12月19日。土曜日。
冬将軍鎮座。太陽の熱気、まったく届かず。
芯から冷える陽気とはこのこと。
ヘルシンキの張りつめた空気を思い出す。
●
昨日、座・高円寺にて行われた
ダンスバリュー「second gate」を観に行く。
舞台芸術を育成・発表する場だという。
わが街、高円寺にも凄い劇場が出来たモンだ…とたまげていたら、
なんと区民ホールとのこと。
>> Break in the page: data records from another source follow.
(* Let $\Phi$ be a dictionary with coherence $\mu$, let $m\ge1$ with $m<\tfrac12(\mu^{-1}+1)$, and let $y=\Phi x^*$ be an $m$-sparse signal with $\|x^*\|_0\le m$ and support $\Lambda_{opt}$. Let $\beta>0$ with $\|x^*\|_1\le\beta$. Then the iterates $x_k$ of the Frank-Wolfe algorithm for Problem (P$_\beta$) converge to $x^*$ as $k\to\infty$.
   Context: A dictionary is a matrix $\Phi=[\varphi_1,\dots,\varphi_n]\in\mathbb{R}^{d\times n}$ whose columns (atoms) satisfy $\|\varphi_i\|_2=1$. Its coherence is $\mu=\max_{j\neq k}|\langle\varphi_j,\varphi_k\rangle|$. A signal $y\in\mathbb{R}^d$ is $m$-sparse if $y=\Phi x^*$ for some $x^*\in\mathbb{R}^n$ with at most $m$ nonzero entries; when $m<\tfrac12(\mu^{-1}+1)$ such an $x^*$ is unique, and its support is denoted $\Lambda_{opt}$. Problem (P$_\beta$): minimize $f(x)=\tfrac12\|y-\Phi x\|_2^2$ over $B_1(\beta)=\{x\in\mathbb{R}^n:\|x\|_1\le\beta\}$. Frank-Wolfe algorithm for (P$_\beta$): set $x_0=0$. For $k=0,1,2,\dots$: let $r_k=y-\Phi x_k$; choose $i_k\in\arg\max_{i}|\langle\varphi_i,r_k\rangle|$ (any maximizer); set $s_k=\operatorname{sign}(\langle\varphi_{i_k},r_k\rangle)\,\beta\, e_{i_k}$ ($e_i$ the canonical basis vectors, $\operatorname{sign}(0)\in\{\pm1\}$ arbitrary); choose $\gamma_k\in\arg\min_{\gamma\in[0,1]}\|y-\Phi(x_k+\gamma(s_k-x_k))\|_2^2$; set $x_{k+1}=x_k+\gamma_k(s_k-x_k)$. *)

theory Defs
  imports "HOL-Analysis.Analysis"
begin

text \<open>A dictionary is a d x n real matrix (type real^'n^'d) whose columns are the atoms.\<close>

definition unit_columns :: "real^'n^'d \<Rightarrow> bool" where
  "unit_columns Phi \<longleftrightarrow> (\<forall>i. norm (column i Phi) = 1)"

text \<open>Coherence: maximum of absolute inner products of distinct atoms
  (convention: 0 when there is only one atom, i.e. no pair exists).\<close>
definition coherence :: "real^'n^'d \<Rightarrow> real" where
  "coherence Phi = Max ({\<bar>inner (column j Phi) (column k Phi)\<bar> | j k. j \<noteq> k} \<union> {0})"

definition l1norm :: "real^'n \<Rightarrow> real" where
  "l1norm x = (\<Sum>i\<in>UNIV. \<bar>x $ i\<bar>)"

definition supp :: "real^'n \<Rightarrow> 'n set" where
  "supp x = {i. x $ i \<noteq> 0}"

definition fw_obj :: "real^'n^'d \<Rightarrow> real^'d \<Rightarrow> real^'n \<Rightarrow> real" where
  "fw_obj Phi y x = (1/2) * (norm (y - Phi *v x))\<^sup>2"

text \<open>One Frank-Wolfe step from xk to xk' (with any admissible choices of
  maximizing index, sign of zero, and exact line-search minimizer).\<close>
definition fw_step :: "real^'n^'d \<Rightarrow> real^'d \<Rightarrow> real \<Rightarrow> real^'n \<Rightarrow> real^'n \<Rightarrow> bool" where
  "fw_step Phi y beta xk xk' \<longleftrightarrow>
     (\<exists>i \<sigma> \<gamma> s.
        (let r = y - Phi *v xk in
          (\<forall>j. \<bar>inner (column j Phi) r\<bar> \<le> \<bar>inner (column i Phi) r\<bar>) \<and>
          \<sigma> \<in> {-1, 1} \<and>
          (inner (column i Phi) r > 0 \<longrightarrow> \<sigma> = 1) \<and>
          (inner (column i Phi) r < 0 \<longrightarrow> \<sigma> = -1) \<and>
          s = (\<sigma> * beta) *\<^sub>R axis i 1 \<and>
          \<gamma> \<in> {0..1} \<and>
          (\<forall>g\<in>{0..1}. (norm (y - Phi *v (xk + \<gamma> *\<^sub>R (s - xk))))\<^sup>2
                        \<le> (norm (y - Phi *v (xk + g *\<^sub>R (s - xk))))\<^sup>2) \<and>
          xk' = xk + \<gamma> *\<^sub>R (s - xk)))"

definition fw_iterates :: "real^'n^'d \<Rightarrow> real^'d \<Rightarrow> real \<Rightarrow> (nat \<Rightarrow> real^'n) \<Rightarrow> bool" where
  "fw_iterates Phi y beta xs \<longleftrightarrow> xs 0 = 0 \<and> (\<forall>k. fw_step Phi y beta (xs k) (xs (Suc k)))"

end

theory Submission
  imports Defs
begin

text \<open>Let \<open>L\<close> be the support of \<open>x\<^sup>*\<close>. As in Tropp's analysis of orthogonal matching pursuit,
  the coherence bound \<open>(2|L| - 1)\<mu> < 1\<close> forces the atom most correlated with a nonzero residual
  \<open>\<Phi>(x\<^sup>* - x)\<close>, \<open>x\<close> supported on \<open>L\<close>, to lie in \<open>L\<close>; a zero residual forces the step to land on
  \<open>x\<^sup>*\<close> itself. Hence all iterates are supported on \<open>L\<close>. Since \<open>x\<^sup>*\<close> lies in the \<open>\<ell>\<^sub>1\<close>-ball,
  the Frank-Wolfe gap dominates \<open>2f(x\<^sub>k)\<close>, so exact line search gives
  \<open>f(x\<^sub>k\<^sub>+\<^sub>1) \<le> (1 - 2\<gamma>) f(x\<^sub>k) + \<gamma>\<^sup>2 D\<close> for every \<open>\<gamma> \<in> [0,1]\<close>, with \<open>D\<close> depending only on \<open>\<beta>\<close>
  and \<open>\<parallel>y\<parallel>\<close>; hence \<open>f(x\<^sub>k) \<rightarrow> 0\<close>. Finally, on vectors supported on \<open>L\<close> the Gershgorin bound
  \<open>|z\<^sub>j| (1 - (|L| - 1)\<mu>) \<le> \<parallel>\<Phi>z\<parallel>\<close> turns \<open>\<Phi>x\<^sub>k \<rightarrow> y\<close> into \<open>x\<^sub>k \<rightarrow> x\<^sup>*\<close>.\<close>

lemma finite_coherence_set:
  fixes Phi :: "real^'n^'d"
  shows "finite ({\<bar>inner (column j Phi) (column k Phi)\<bar> | j k. j \<noteq> k} \<union> {0})"
proof (rule finite_subset)
  show "{\<bar>inner (column j Phi) (column k Phi)\<bar> | j k. j \<noteq> k} \<union> {0}
      \<subseteq> (\<lambda>(j, k). \<bar>inner (column j Phi) (column k Phi)\<bar>) ` UNIV \<union> {0}"
    by auto
qed simp

lemma coherence_nonneg: "0 \<le> coherence Phi"
  unfolding coherence_def by (rule Max_ge[OF finite_coherence_set]) simp

lemma abs_inner_column_le_coherence:
  "j \<noteq> k \<Longrightarrow> \<bar>inner (column j Phi) (column k Phi)\<bar> \<le> coherence Phi"
  unfolding coherence_def by (rule Max_ge[OF finite_coherence_set]) blast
杉並区もすばらしいことをする。
設計を伊東豊雄氏にお願いし、運営をNPOに委託するなど、
公共事業としてしっかり先を見据えたプロジェクトになってる。
2年先のことが描けない事業が多い中で、
こういう税金の使われ方は気持ちがいい。
11月27日に観たダンスイベントBigTimeで
独創性にあふれたコンテンポラリーを披露してくれた
黒田なつ子さんが創作・演出した「Milky Way」が今回のお目当て。
さらに、90分間ダンスパフォーマンスを堪能する楽しみもあった。
肉体の呼吸を感じようと一番前でステージに齧り付く。
のっけから演者の気迫に生唾を飲んだ。
カラダを使って表現するとは、こういうことか。
舞台に上がってから下りるまで、すべてが見せ場である。
ためらいや戸惑いは、すぐさま観客に見透かされる。
表情のひとつとっても、隙を見せるとそれが「素」となって
こちらに如実に伝わってくる。
ナマの恐ろしさである。
徹頭徹尾、100%演出を表出する心持ちで臨まないと、
甘さが露呈して、こちらの集中力も「ふっ」ととぎれてしまうのだ。
音楽のステージはそれでも「音」という主役に集中するので、
観客の意識を収斂するのは容易いが、
舞台芸術、特にむき出しの肉体を手段とするダンスは、
全身の動きがすなわち表現であるので、
おのれ自身を客体化して、冷徹に表出することが求められる。
それでもナマである。
呼吸の乱れやアクシデントは付き物だ。
着地がうまくいかなかった、絡みのタイミングがずれた、
全体を見通す余裕がなかった…など、常に反芻を強いられる。
10数分間のステージを通して、
表現として観客を魅了できるかどうか、
それがダンスの醍醐味だと、合点した。
●
「Milky Way」は6団体の最後に演じられた。
期待でこちらも身を乗り出して見入ってしまったが、
演者の動きは、それを上回る強靱さで観る者を圧倒した。
虫ともとれるような動き、常軌を逸した動線、
手足の流れはおよそ人間的な範疇では及ばないところに達している。
肉体を完全に客体化していた。
それでいて表現は、見事に普遍性を帯びていて
観ているこちらの感性をえぐるような感動があった。
暗転して、舞台が終止する。
ピーンと張りつめた空気。全員が息を呑むような緊張があった。
再びステージが光に満たされ、演者3人が頭を垂れた。
「Milky Way」とタイトルされる通り、
宇宙との交信を何かしら感じた一瞬があった。
「黒田なつ子」に共振した舞台だった。
冬将軍鎮座。太陽の熱気、まったく届かず。
芯から冷える陽気とはこのこと。
ヘルシンキの張りつめた空気を思い出す。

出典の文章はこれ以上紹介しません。